CAPITULO 2
-¿Estas segura de lo que has visto Álex?- Me preguntó Vic, todavía preocupado.
-Sí, estaba delante de mí, golpeando mi taquilla. Además, dejó una abolladura.-le dije nerviosa- !Eso es, la abolladura!. ¡Ven! -Le grité cogiéndole de la mano-.
Nos dirigimos hacia el pasillo dónde estaba mi taquilla. Yo sólo quería demostrarle que no estaba loca, que lo había visto y no me lo había imaginado. Bueno, creo que quería demostrarmelo a mí misma, no estaba muy segura de si había sido real. Cuando llegamos, me quedé con los ojos como platos. No había absolutamente nada. Ni un arañazo, ni ninguna abolladura. Nada. La taquilla estaba perfecta. ¿Cómo era posible?
-Bueno, Álex, yo no veo nada.-dijo Vic con un tono de enfado-.
-Pero...pp..si estaba ahí. Lo ví con mis propios ojos. Tienes que creérme-le dije suplicando con los ojos llorosos.
-Álex... ojalá puediera creérte. Quiero creérte, pero aquí no hay ninguna señal de haber forzado la taquilla. ¿Seguro que no te lo has imaginado tú? tal vez te mareastes o algo.. -dijo mirándome a los ojos.
-De acuerdo, ¿no me crees? Vale. -le dije mirándole a los ojos- Tienes razón, me lo he imaginado todo, estoy loca.- desvié la mirada y dí media vuelta para volver a mi casa.
-Álex...- dijo preocupado.
No quería enfadarme con Vic. Era normal que no me creyera. No había ninguna prueba de lo que yo había visto. Ni siquiera me creía a mí misma. Aquel chico parecía haber salido de un cuento de hadas, de un sueño. Parecía mágico. Pero yo lo había visto. Él estaba allí, golpeando mi taquilla.

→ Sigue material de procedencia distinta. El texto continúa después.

(* Fix integers $s,t\geq 2$ and a subset $W=\{w_1<w_2<\cdots<w_k\}$ of $\{s+1,\ldots,st\}$. Let $\Omega_{s,t}(W)$ be the collection of all sets of integers $I=\{i_1<i_2<\cdots<i_k\}$ satisfying $w_\ell-s+\ell\leq i_\ell\leq w_\ell-1$ for all $\ell\in[k]$, and let $\Lambda_{s,t}(W)$ be the set of all $321$-avoiding linear extensions of $K_{s,t}^\alpha$ whose right-to-left minima are precisely the elements of $[st]\setminus W$. For $I\in\Omega_{s,t}(W)$ let $\mu_W(I)=\mu_1\cdots\mu_{st}$ be the permutation of $[st]$ with $\mu_{i_\ell}=w_\ell$ for all $\ell\in[k]$ and with the elements of $[st]\setminus W$ placed in increasing order in the remaining positions. Then $I\mapsto\mu_W(I)$ is a well-defined injection $\Omega_{s,t}(W)\to\Lambda_{s,t}(W)$. If $t=2$, this map is a bijection.
   Context: $K^\alpha_{s,t}$ is the poset on $[st]$ whose order is generated by the covering relations $i\lessdot i+1$ for $1\le i\le s-1$ and $i\lessdot i+s$ for $1\le i\le st-s$ (the comb $K_{s,t}$ with $\alpha$-labeling $e_{i,j}\mapsto (j-1)s+i$). A linear extension is a permutation of $[st]$ in which $x$ precedes $y$ whenever $x<y$ in the poset. An entry $\pi_i$ is a right-to-left minimum if $\pi_i<\pi_j$ for all $j>i$. *)

theory Defs
  imports Main
begin

text \<open>Permutations of [n] are represented as lists of naturals (positions are
0-indexed in the list; paper position p corresponds to list index p-1).\<close>

definition is_perm :: "nat \<Rightarrow> nat list \<Rightarrow> bool" where
  "is_perm n \<pi> \<longleftrightarrow> distinct \<pi> \<and> set \<pi> = {1..n}"

definition comb_cover :: "nat \<Rightarrow> nat \<Rightarrow> nat \<Rightarrow> nat \<Rightarrow> bool" where
  "comb_cover s t x y \<longleftrightarrow>
     (1 \<le> x \<and> x \<le> s - 1 \<and> y = x + 1) \<or> (1 \<le> x \<and> x + s \<le> s * t \<and> y = x + s)"

definition comb_less :: "nat \<Rightarrow> nat \<Rightarrow> nat \<Rightarrow> nat \<Rightarrow> bool" where
  "comb_less s t = (comb_cover s t)\<^sup>+\<^sup>+"

definition precedes :: "nat list \<Rightarrow> nat \<Rightarrow> nat \<Rightarrow> bool" where
  "precedes \<pi> x y \<longleftrightarrow> (\<exists>i j. i < j \<and> j < length \<pi> \<and> \<pi> ! i = x \<and> \<pi> ! j = y)"

definition linear_extension :: "nat \<Rightarrow> nat \<Rightarrow> nat list \<Rightarrow> bool" where
  "linear_extension s t \<pi> \<longleftrightarrow> is_perm (s * t) \<pi> \<and>
     (\<forall>x y. comb_less s t x y \<longrightarrow> precedes \<pi> x y)"

definition avoids_321 :: "nat list \<Rightarrow> bool" where
  "avoids_321 \<pi> \<longleftrightarrow>
     \<not> (\<exists>i j k. i < j \<and> j < k \<and> k < length \<pi> \<and> \<pi> ! i > \<pi> ! j \<and> \<pi> ! j > \<pi> ! k)"

definition rl_minima :: "nat list \<Rightarrow> nat set" where
  "rl_minima \<pi> = {\<pi> ! i | i. i < length \<pi> \<and> (\<forall>j. i < j \<and> j < length \<pi> \<longrightarrow> \<pi> ! i < \<pi> ! j)}"

text \<open>Omega_{s,t}(W); index l is 0-based here, so paper's l is l+1.
 The condition w_l - s + l \<le> i_l \<le> w_l - 1 is written without truncating subtraction.\<close>
definition Omega :: "nat \<Rightarrow> nat \<Rightarrow> nat set \<Rightarrow> nat set set" where
  "Omega s t W = {I. finite I \<and> card I = card W \<and>
     (\<forall>l < card W. sorted_list_of_set W ! l + (l + 1) \<le> sorted_list_of_set I ! l + s
                  \<and> sorted_list_of_set I ! l + 1 \<le> sorted_list_of_set W ! l)}"

definition Lambda :: "nat \<Rightarrow> nat \<Rightarrow> nat set \<Rightarrow> nat list set" where
  "Lambda s t W = {\<pi>. linear_extension s t \<pi> \<and> avoids_321 \<pi> \<and>
                       rl_minima \<pi> = {1..s*t} - W}"
lemma path_concat_in_path_embeddings:
  assumes fg: "(f, g) \<in> compatible_pairs r a b V E x z y"
    and ra: "\<forall>H\<in>set a. rooted_graph r H" and rb: "\<forall>H\<in>set b. rooted_graph r H"
    and na: "a \<noteq> []" and nb: "b \<noteq> []"
  shows "path_concat (length a) f g \<in> path_embeddings r (a @ b) V E x y"
proof -
  let ?la = "length a" and ?lb = "length b" and ?h = "path_concat (length a) f g"
  have f: "f \<in> path_embeddings r a V E x z" and g: "g \<in> path_embeddings r b V E z y"
    using fg by (auto simp: compatible_pairs_def)
  note F = path_embeddingsD[OF f] and G = path_embeddingsD[OF g]
  have nth1: "(a @ b)!i = a!i" if "i < ?la" for i using that by (simp add: nth_append)
  have nth2: "(a @ b)!i = b!(i - ?la)" if "\<not> i < ?la" for i using that by (simp add: nth_append)
  have h1: "?h i v = f i v" if "i < ?la" for i v using that by (simp add: path_concat_def)
  have h2: "?h i v = g (i - ?la) v" if "\<not> i < ?la" for i v using that by (simp add: path_concat_def)
  have P1: "\<forall>i v. (length (a @ b) \<le> i \<or> r < v) \<longrightarrow> ?h i v = 0"
  proof (intro allI impI)
    fix i v assume "length (a @ b) \<le> i \<or> r < v"
    then show "?h i v = 0" using F(1) G(1) h1 h2 by (cases "i < ?la") auto
  qed
  have P2: "\<forall>i<length (a @ b). \<forall>v\<le>r. ?h i v \<in> V"
  proof (intro allI impI)
    fix i v assume "i < length (a @ b)" "v \<le> r"
    then show "?h i v \<in> V" using F(2) G(2) h1 h2 by (cases "i < ?la") auto
  qed
  have P3: "\<forall>i<length (a @ b). \<forall>u\<le>r. \<forall>v\<le>r. hE ((a @ b)!i) u v \<longrightarrow> E (?h i u) (?h i v)"
  proof (intro allI impI)
    fix i u v assume "i < length (a @ b)" "u \<le> r" "v \<le> r" "hE ((a @ b)!i) u v"
    then show "E (?h i u) (?h i v)" using F(3) G(3) h1 h2 nth1 nth2 by (cases "i < ?la") auto
  qed
  have P4: "\<forall>i. Suc i < length (a @ b) \<longrightarrow> ?h i (hw2 ((a @ b)!i)) = ?h (Suc i) (hw1 ((a @ b)!Suc i))"
  proof (intro allI impI)
    fix i assume i: "Suc i < length (a @ b)"
    consider "Suc i < ?la" | "Suc i = ?la" | "?la \<le> i" by linarith
    then show "?h i (hw2 ((a @ b)!i)) = ?h (Suc i) (hw1 ((a @ b)!Suc i))"
    proof cases
      case 1 then show ?thesis using F(4) h1 nth1 by simp
    next
      case 2
      then have "i = ?la - 1" by simp
      then show ?thesis using 2 F(7) G(6) h1 h2 nth1 nth2 by simp
    next
      case 3
      then have "Suc (i - ?la) < ?lb" "Suc i - ?la = Suc (i - ?la)" using i by auto
      then show ?thesis using 3 G(4) h2 nth2 by simp
    qed
  qed
  have P6: "?h 0 (hw1 ((a @ b)!0)) = x" using F(6) na h1 nth1 by simp
  have "\<not> length (a @ b) - 1 < ?la" "length (a @ b) - 1 - ?la = ?lb - 1" using nb by (cases b; simp)+
  then have P7: "?h (length (a @ b) - 1) (hw2 ((a @ b)!(length (a @ b) - 1))) = y"
    using G(7) h2 nth2 by simp
  show ?thesis unfolding path_embeddings_def
    using P1 P2 P3 P4 path_concat_vertices_eq_cases[OF fg ra rb na nb] P6 P7 by blast
qed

Cuándo llegué a casa, mi madre estaba en su despacho, y mi padre estaba en el salón viendo sus documentales y sus canales de deportes, especialemte los canales de fútbol, como siempre. Mi madre trabaja de profesora, por eso nos mudamos hace tres años aquí, porque mi madre había encontrado un trabajo cómo profesora. Siempre ha sido su sueño, enseñar a los niños. Mi madre, es única. No creo que haya ninguna madre como ella. Siempre ha estado ayudándome en todo. Es una madre genial, aunque aveces nos peléemos, la quiero mucho.
-Hola mamá- le sonreí y le dí un beso en la mejilla.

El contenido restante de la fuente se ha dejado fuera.